- Castlecroft Location within the West Midlands
- Population: 1,869 (2001 Census)
- Metropolitan borough: Wolverhampton;
- Metropolitan county: West Midlands;
- Region: West Midlands;
- Country: England
- Sovereign state: United Kingdom
- Post town: Wolverhampton
- Postcode district: WV3
- Dialling code: 01902
- Police: West Midlands
- Fire: West Midlands
- Ambulance: West Midlands
- UK Parliament: Wolverhampton West;

= Castlecroft =

Suburb in the West Midlands, England

Castlecroft is a suburb of Wolverhampton, West Midlands, located on the edge of the city, WSW of the city centre. It is situated where the Merry Hill, and Tettenhall Wightwick wards meet, and also borders South Staffordshire.

==History==
The name Castlecroft is derived from Castlecroft House, a large house and former hotel that was converted into flats in 2004/2005.

==Demography==
The plurality (23%) of Castlecroft's population is aged between 25 and 44. 16.3% of Castlecroft's population is aged over 75, compared with just 7.8% for Wolverhampton as a whole. The majority of people in Castlecroft (82.2%) classify their religion as Christian.

==Housing and amenities==
It has two distinct estates, divided by a former railway line. The eastern part is mostly 1930s private housing, the western part mostly 1950s council housing.
There are several houses in the area, notably Castlecroft Gardens, constructed by Major Kenneth Hutchinson Smith from reclaimed bricks and timber.

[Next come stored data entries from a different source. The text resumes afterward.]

(* The solution $u$ of the problem "find $u\in X$ with $a(u,v)=F(v)$ for all $v\in X$" satisfies: (i) $u\in X^{(\mathbf{C})}$; (ii) $u\in X^{(\gamma\mathbf{C})}$ if $\gamma\in L^1_\Gamma(\mathbb{R}^\mu)$; (iii) $u\in X^{(\gamma^2)}$ if $\gamma\in L^2_\Gamma(\mathbb{R}^\mu)$.
   Context: $D\subset\mathbb{R}^d$ bounded open with smooth boundary; $f\in H^{-1}(D)$; $\Gamma=\Gamma_{N_g}\otimes\Gamma_\nu$ a product probability measure on $\mathbb{R}^\mu=\mathbb{R}^{N_g}\times\mathbb{R}^\nu$, $E_\Gamma$ integration against it. $[\mathrm{C}]:D\times\mathbb{R}^\mu\to\mathbb{M}_n^+(\mathbb{R})$ measurable (the parameterized random field coefficient $\mathcal{K}^{(m,N)}(\mathbf{x},\mathbf{y},\mathcal{M}_{[a]}(\mathbf{z}))$ in the paper) with a constant $\alpha>0$ and positive measurable $\gamma<\infty$ on $\mathbb{R}^\mu$ such that $\Gamma$-a.e. and a.e. in $\mathbf{x}$, $\alpha\|\mathbf{h}\|_2^2\le\langle[\mathrm{C}]\mathbf{h},\mathbf{h}\rangle_2\le\gamma\|\mathbf{h}\|_2^2$. $X=H^1_0(D)\otimes L^2_\Gamma(\mathbb{R}^\mu)$, $\|v\|_X^2=E_\Gamma(\int_D\|\nabla v\|_2^2)$; $a(u,v)=E_\Gamma(\int_D\nabla v\cdot[\mathrm{C}]\nabla u\,d\mathbf{x})$; $F(v)=E_\Gamma(f(v))$. For $s,r\ge0$, $X^{(\gamma^s\mathbf{C}^r)}$ is the space of functions $v$ on $D\times\mathbb{R}^\mu$ with $\|v\|_{X^{(\gamma^s\mathbf{C}^r)}}^2=E_\Gamma(\gamma^s\int_D\nabla v\cdot[\mathrm{C}]^r\nabla v\,d\mathbf{x})<\infty$. The problem has a unique solution $u\in X$. *)

theory Defs
  imports "HOL-Analysis.Analysis" "HOL-Probability.Probability"
begin

definition partial :: "'d::finite \<Rightarrow> (real^'d \<Rightarrow> real) \<Rightarrow> real^'d \<Rightarrow> real" where
  "partial i f x = frechet_derivative f (at x) (axis i 1)"

fun iter_partial :: "'d::finite list \<Rightarrow> (real^'d \<Rightarrow> real) \<Rightarrow> real^'d \<Rightarrow> real" where
  "iter_partial [] f = f"
| "iter_partial (i # is) f = partial i (iter_partial is f)"

definition smooth_on :: "(real^'d::finite) set \<Rightarrow> (real^'d \<Rightarrow> real) \<Rightarrow> bool" where
  "smooth_on S f \<longleftrightarrow> (\<forall>is. (iter_partial is f) differentiable_on S)"

definition grad :: "(real^'d::finite \<Rightarrow> real) \<Rightarrow> real^'d \<Rightarrow> real^'d" where
  "grad f x = (\<chi> i. partial i f x)"

definition test_fun :: "(real^'d::finite) set \<Rightarrow> (real^'d \<Rightarrow> real) \<Rightarrow> bool" where
  "test_fun D \<phi> \<longleftrightarrow> smooth_on UNIV \<phi> \<and> compact (closure {x. \<phi> x \<noteq> 0})
      \<and> closure {x. \<phi> x \<noteq> 0} \<subseteq> D"

definition smooth_boundary :: "(real^'d::finite) set \<Rightarrow> bool" where
  "smooth_boundary D \<longleftrightarrow> (\<forall>x\<in>frontier D. \<exists>r>0. \<exists>\<rho>. smooth_on (ball x r) \<rho> \<and>
      grad \<rho> x \<noteq> 0 \<and> D \<inter> ball x r = {z\<in>ball x r. \<rho> z < 0})"

definition is_weak_grad :: "(real^'d::finite) set \<Rightarrow> (real^'d \<Rightarrow> real) \<Rightarrow> (real^'d \<Rightarrow> real^'d) \<Rightarrow> bool" where
  "is_weak_grad D v g \<longleftrightarrow>
     (\<forall>K. compact K \<and> K \<subseteq> D \<longrightarrow> set_integrable lborel K v \<and> set_integrable lborel K g) \<and>
     (\<forall>\<phi>. test_fun D \<phi> \<longrightarrow> (\<forall>i.
        (LINT x:D|lborel. v x * partial i \<phi> x) = - (LINT x:D|lborel. g x $ i * \<phi> x)))"

definition H10 :: "(real^'d::finite) set \<Rightarrow> (real^'d \<Rightarrow> real) set" where
  "H10 D = {v. \<exists>g. is_weak_grad D v g \<and>
      set_integrable lborel D (\<lambda>x. (v x)\<^sup>2) \<and> set_integrable lborel D (\<lambda>x. (norm (g x))\<^sup>2) \<and>
      (\<exists>\<phi>. (\<forall>k. test_fun D (\<phi> k)) \<and>
         (\<lambda>k. LINT x:D|lborel. (v x - \<phi> k x)\<^sup>2 + (norm (g x - grad (\<phi> k) x))\<^sup>2) \<longlonglongrightarrow> 0)}"

definition wgrad :: "(real^'d::finite) set \<Rightarrow> (real^'d \<Rightarrow> real) \<Rightarrow> real^'d \<Rightarrow> real^'d" where
  "wgrad D v = (SOME g. is_weak_grad D v g)"

definition Hminus1 :: "(real^'d::finite) set \<Rightarrow> ((real^'d \<Rightarrow> real) \<Rightarrow> real) set" where
  "Hminus1 D = {f. (\<forall>v\<in>H10 D. \<forall>w\<in>H10 D. \<forall>a b. f (\<lambda>x. a * v x + b * w x) = a * f v + b * f w) \<and>
      (\<exists>B. \<forall>v\<in>H10 D. \<bar>f v\<bar> \<le> B * sqrt (LINT x:D|lborel. (norm (wgrad D v x))\<^sup>2))}"

definition X_grad_ok :: "(real^'d::finite) set \<Rightarrow> 'y measure \<Rightarrow> (real^'d \<Rightarrow> 'y \<Rightarrow> real)
    \<Rightarrow> (real^'d \<Rightarrow> 'y \<Rightarrow> real^'d) \<Rightarrow> bool" where
  "X_grad_ok D \<Gamma> u G \<longleftrightarrow>
     (\<lambda>(x,y). u x y) \<in> borel_measurable (restrict_space lborel D \<Otimes>\<^sub>M \<Gamma>) \<and>
     (\<lambda>(x,y). G x y) \<in> borel_measurable (restrict_space lborel D \<Otimes>\<^sub>M \<Gamma>) \<and>
     (AE y in \<Gamma>. (\<lambda>x. u x y) \<in> H10 D \<and> is_weak_grad D (\<lambda>x. u x y) (\<lambda>x. G x y))"

definition X_space :: "(real^'d::finite) set \<Rightarrow> 'y measure \<Rightarrow> (real^'d \<Rightarrow> 'y \<Rightarrow> real) set" where
  "X_space D \<Gamma> = {u. \<exists>G. X_grad_ok D \<Gamma> u G \<and>
      (\<integral>\<^sup>+ y. (\<integral>\<^sup>+ x. indicator D x * ennreal ((norm (G x y))\<^sup>2) \<partial>lborel) \<partial>\<Gamma>) < \<infinity>}"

Smestow Academy and Castlecroft Primary school are located here. Bhylls Acre Primary school is also in the area, but thanks to historical accident, it falls under the jurisdiction of Staffordshire County Council.

Castlecroft has a shopping arcade at Windmill Lane, as well as The Firs pub.

==Sport==
A.F.C. Wulfrunians football club, an association football club who currently play in the Midland Football League, are based here, at the Castlecroft Stadium. Wolverhampton Rugby Union Football Club and Wolves Women are also based at the same location.